The funds are being sought to rebuild and stabilise areas liberated from the Islamic State, as well as to check Assad’s power and Russian and Iranian influence in a post-war Syria, providing the US with a quick exit from the seven-year conflict, according go the report.
The revelations come as Saudi Arabia’s crown prince and de facto leader Mohammed bin Salman arrives in Washington on Monday for extensive dialogue, which officials believe will include a discussion on the $4 billion request.
For years, US policy in Syria has almost entirely focused on pushing back against the Islamic State – a goal that is nearing completion. But with an Assad victory likely, US policymakers are increasingly looking to the next phase of the country’s strategy in Syria.
Officials in the Trump administration have convinced the president that the US cannot withdraw from northern Syria due to Iranian influence, the report suggests.

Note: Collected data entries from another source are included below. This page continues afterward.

lemma HS_mult: "(\<Sum>j\<le>n. HS a b r1 n j * HS b c r2 j k) = HS a c (r1 + r2) n k"
proof (rule HS_eqI)
  fix n k
  let ?P = "\<lambda>n k. \<Sum>j\<le>n. HS a b r1 n j * HS b c r2 j k"
  have "?P (Suc n) k
      = (\<Sum>j\<le>Suc n. (- a * of_nat n + b * of_nat j + r1) * HS a b r1 n j * HS b c r2 j k)
        + (\<Sum>j\<le>Suc n. (if j = 0 then 0 else HS a b r1 n (j - 1)) * HS b c r2 j k)"
    unfolding HS_Suc[of a b r1 n] by (simp add: distrib_right sum.distrib)
  also have "\<dots> = (\<Sum>j\<le>n. (- a * of_nat n + b * of_nat j + r1) * HS a b r1 n j * HS b c r2 j k)
        + (\<Sum>j\<le>n. HS a b r1 n j * HS b c r2 (Suc j) k)"
    by (subst sum_atMost_Suc_shift_pred) (simp add: HS_eq_0_if_less)
  also have "\<dots> = (\<Sum>j\<le>n. (- a * of_nat n + c * of_nat k + (r1 + r2)) * (HS a b r1 n j * HS b c r2 j k)
                  + (if k = 0 then 0 else HS a b r1 n j * HS b c r2 j (k - 1)))"
    unfolding sum.distrib[symmetric]
    by (rule sum.cong) (auto simp: HS_Suc[of b c r2] algebra_simps)
  also have "\<dots> = (- a * of_nat n + c * of_nat k + (r1 + r2)) * ?P n k
                  + (if k = 0 then 0 else ?P n (k - 1))"
    by (simp add: sum.distrib sum_distrib_left)
  finally show "?P (Suc n) k = \<dots>" .
qed simp

lemma HS_same_0: "HS a a 0 n k = (if n = k then 1 else 0)"
proof (induction n arbitrary: k)
  case (Suc n)
  then show ?case by (cases k) (auto simp: HS_Suc)
qed simp

lemma HS_mult_inverse: "(\<Sum>j\<le>n. HS a b r n j * HS b a (- r) j k) = (if n = k then 1 else 0)"
  by (simp add: HS_mult HS_same_0)

definition binomial_conv :: "(nat \<Rightarrow> 'a :: comm_semiring_1) \<Rightarrow> (nat \<Rightarrow> 'a) \<Rightarrow> nat \<Rightarrow> 'a" where
  "binomial_conv f g n = (\<Sum>i\<le>n. of_nat (n choose i) * f i * g (n - i))"
locale start_time_crs =
  fixes I :: "nat set" and B C :: nat and p :: "nat \<Rightarrow> nat pmf" and c :: "nat \<Rightarrow> nat \<Rightarrow> nat"
    and y :: "nat \<Rightarrow> nat \<Rightarrow> real" and l :: real
  assumes finite_I: "finite I" and C_pos: "1 \<le> C"
    and states_pos: "\<And>i. i \<in> I \<Longrightarrow> 0 \<notin> set_pmf (p i)"
    and y_nonneg: "\<And>i t. 0 \<le> y i t"
    and y_supp: "\<And>i t. i \<in> I \<Longrightarrow> t \<notin> {1..C - c i B} \<Longrightarrow> y i t = 0"
    and ybar_le_1: "\<And>i. i \<in> I \<Longrightarrow> ybar y C c B i \<le> 1"
    and y_knap: "\<And>t. t \<in> {1..C} \<Longrightarrow>
      (\<Sum>i\<in>I. measure_pmf.expectation (p i) (\<lambda>s. real (min (c i s) t)) * (\<Sum>t' = 1..t. y i t'))
        \<le> l * (2 * real t)"
begin

abbreviation "coord \<equiv> h_coord p y C c B"
abbreviation "start \<equiv> start_pmf y C c B"
abbreviation "trunc_cost i t \<equiv> measure_pmf.expectation (p i) (\<lambda>s. real (min (c i s) t))"

lemma l_nonneg: "0 \<le> l"
proof -
  have "0 \<le> (\<Sum>i\<in>I. trunc_cost i 1 * (\<Sum>t' = 1..1. y i t'))"
    by (intro sum_nonneg mult_nonneg_nonneg Bochner_Integration.integral_nonneg y_nonneg) simp_all
  also have "\<dots> \<le> l * 2"
    using y_knap[of 1] C_pos by simp
  finally show ?thesis
    by simp
qed

lemma nn_integral_coord_truncated_cost:
  assumes "k \<in> I"
  shows "(\<integral>\<^sup>+x. ennreal (if x \<noteq> 0 then real (min (c k x) t) else 0) \<partial>coord k)
    = ennreal (ybar y C c B k * trunc_cost k t)"
proof -
  have "(\<integral>\<^sup>+x. ennreal (if x \<noteq> 0 then real (min (c k x) t) else 0) \<partial>p k)
      = (\<integral>\<^sup>+x. ennreal (real (min (c k x) t)) \<partial>p k)"
    using states_pos[OF assms] by (intro nn_integral_cong_AE) (auto simp: AE_measure_pmf_iff)
  also have "\<dots> = ennreal (trunc_cost k t)"
    by (intro nn_integral_eq_integral measure_pmf.integrable_const_bound[where B = t]) auto
  finally show ?thesis
    using ybar_nonneg[of y k] y_nonneg ybar_le_1[OF assms] unfolding h_coord_def
    by (simp add: nn_integral_bernoulli_mixture ennreal_mult mult.commute)
qed

lemma nn_integral_truncated_load:
  assumes "A \<subseteq> I"
  shows "(\<integral>\<^sup>+z. ennreal (truncated_load A c (fst z) (snd z) t) \<partial>pair_pmf (Pi_pmf A 0 coord) (Pi_pmf A 0 start))
    = ennreal (\<Sum>k\<in>A. trunc_cost k t * (\<Sum>t' = 1..t. y k t'))"
proof -
  have "finite A"
    using assms finite_I by (rule finite_subset)
  define U where "U k x = ennreal (if x \<noteq> 0 then real (min (c k x) t) else 0)" for k x
  have load: "ennreal (truncated_load A c f g t) = (\<Sum>k\<in>A. U k (f k) * indicator {..t} (g k))" for f g
    unfolding truncated_load_def U_def
    by (subst sum_ennreal[symmetric]) (auto simp del: sum_ennreal simp: indicator_def intro!: sum.cong)
  have "(\<integral>\<^sup>+z. U k (fst z k) * indicator {..t} (snd z k) \<partial>pair_pmf (Pi_pmf A 0 coord) (Pi_pmf A 0 start))
      = ennreal (trunc_cost k t * (\<Sum>t' = 1..t. y k t'))" if "k \<in> A" for k
  proof -
    have "k \<in> I"
      using that assms by blast
    have "(\<integral>\<^sup>+z. U k (fst z k) * indicator {..t} (snd z k) \<partial>pair_pmf (Pi_pmf A 0 coord) (Pi_pmf A 0 start))
        = (\<integral>\<^sup>+x. U k x \<partial>coord k) * emeasure (start k) {..t}"
      using \<open>finite A\<close> that
      by (simp add: nn_integral_pair_pmf_mult[where F = "\<lambda>f. U k (f k)" and G = "\<lambda>g. indicator {..t} (g k)"]
          nn_integral_Pi_pmf_component)
    also have "\<dots> = ennreal (ybar y C c B k * trunc_cost k t) * ennreal (measure_pmf.prob (start k) {..t})"
      unfolding U_def nn_integral_coord_truncated_cost[OF \<open>k \<in> I\<close>] measure_pmf.emeasure_eq_measure ..
    also have "\<dots> = ennreal (trunc_cost k t * (measure_pmf.prob (start k) {..t} * ybar y C c B k))"
      using y_nonneg by (simp add: ybar_nonneg mult_ac flip: ennreal_mult)
    also have "\<dots> = ennreal (trunc_cost k t * (\<Sum>t' = 1..t. y k t'))"
      using prob_start_pmf_atMost[of y k C c B t] y_nonneg y_supp[OF \<open>k \<in> I\<close>] by simp
    finally show ?thesis .
  qed
  then show ?thesis
    using y_nonneg
    by (simp add: load nn_integral_sum sum_nonneg)
qed
lemma scalar_prod_transpose_mult_vec:
  fixes X :: "'a :: comm_ring_1 mat"
  assumes "X \<in> carrier_mat p n" "v \<in> carrier_vec n" "w \<in> carrier_vec p"
  shows "v \<bullet> (transpose_mat X *\<^sub>v w) = (X *\<^sub>v v) \<bullet> w"
  using assms transpose_vec_mult_scalar[of X p n v w] comm_scalar_prod[of v n "transpose_mat X *\<^sub>v w"]
    comm_scalar_prod[of w p "X *\<^sub>v v"]
  by auto

lemma Lop_eq:
  fixes Lb L D Dinv :: "real mat"
  assumes "Lb \<in> carrier_mat p n" "L \<in> carrier_mat p n" "D \<in> carrier_mat p p" "Dinv \<in> carrier_mat p p"
    "transpose_mat Dinv = Dinv"
  shows "Lop Lb D L Dinv = transpose_mat Lb * (Dinv * L) + transpose_mat (Dinv * L) * Lb
    - transpose_mat (Dinv * L) * (D * (Dinv * L))"
proof -
  have W: "transpose_mat (Dinv * L) = transpose_mat L * Dinv"
    using transpose_mult[of Dinv p p L n] assms by simp
  have "transpose_mat L * Dinv * D * Dinv * L = transpose_mat L * Dinv * (D * (Dinv * L))"
    using assms by (simp add: assoc_mult_mat[of _ n p _ p _ n] assoc_mult_mat[of _ p p _ p _ n])
  then show ?thesis
    unfolding Lop_def W using assms by (simp add: assoc_mult_mat[of _ n p _ p _ n])
qed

Last year, US Ambassador to the UN Nikki Haley said that Syrian stability cannot be achieved “with Assad in place” and that “Iran is not going to be in charge”.
But one anonymous senior US official said that “convincing arguments have been made that some bad entity is going to be there”.
In a further sign that the US may maintain a long-term presence in Syria, US Secretary of State Rex Tillerson said in January that the US would not make the same mistake as the Obama administration by withdrawing early.
However, Tillerson was recently sacked and replaced by anti-Iran and former CIA director Mike Pompeo.
The US remains the largest humanitarian donor to the Syrian war and has provided over $8 billion to date to assist millions of Syrians affected by the fighting.
However, Trump remains somewhat weary of an indefinite US commitment and ran on an “America First” platform extricating the US commitment to complex foreign entaglements.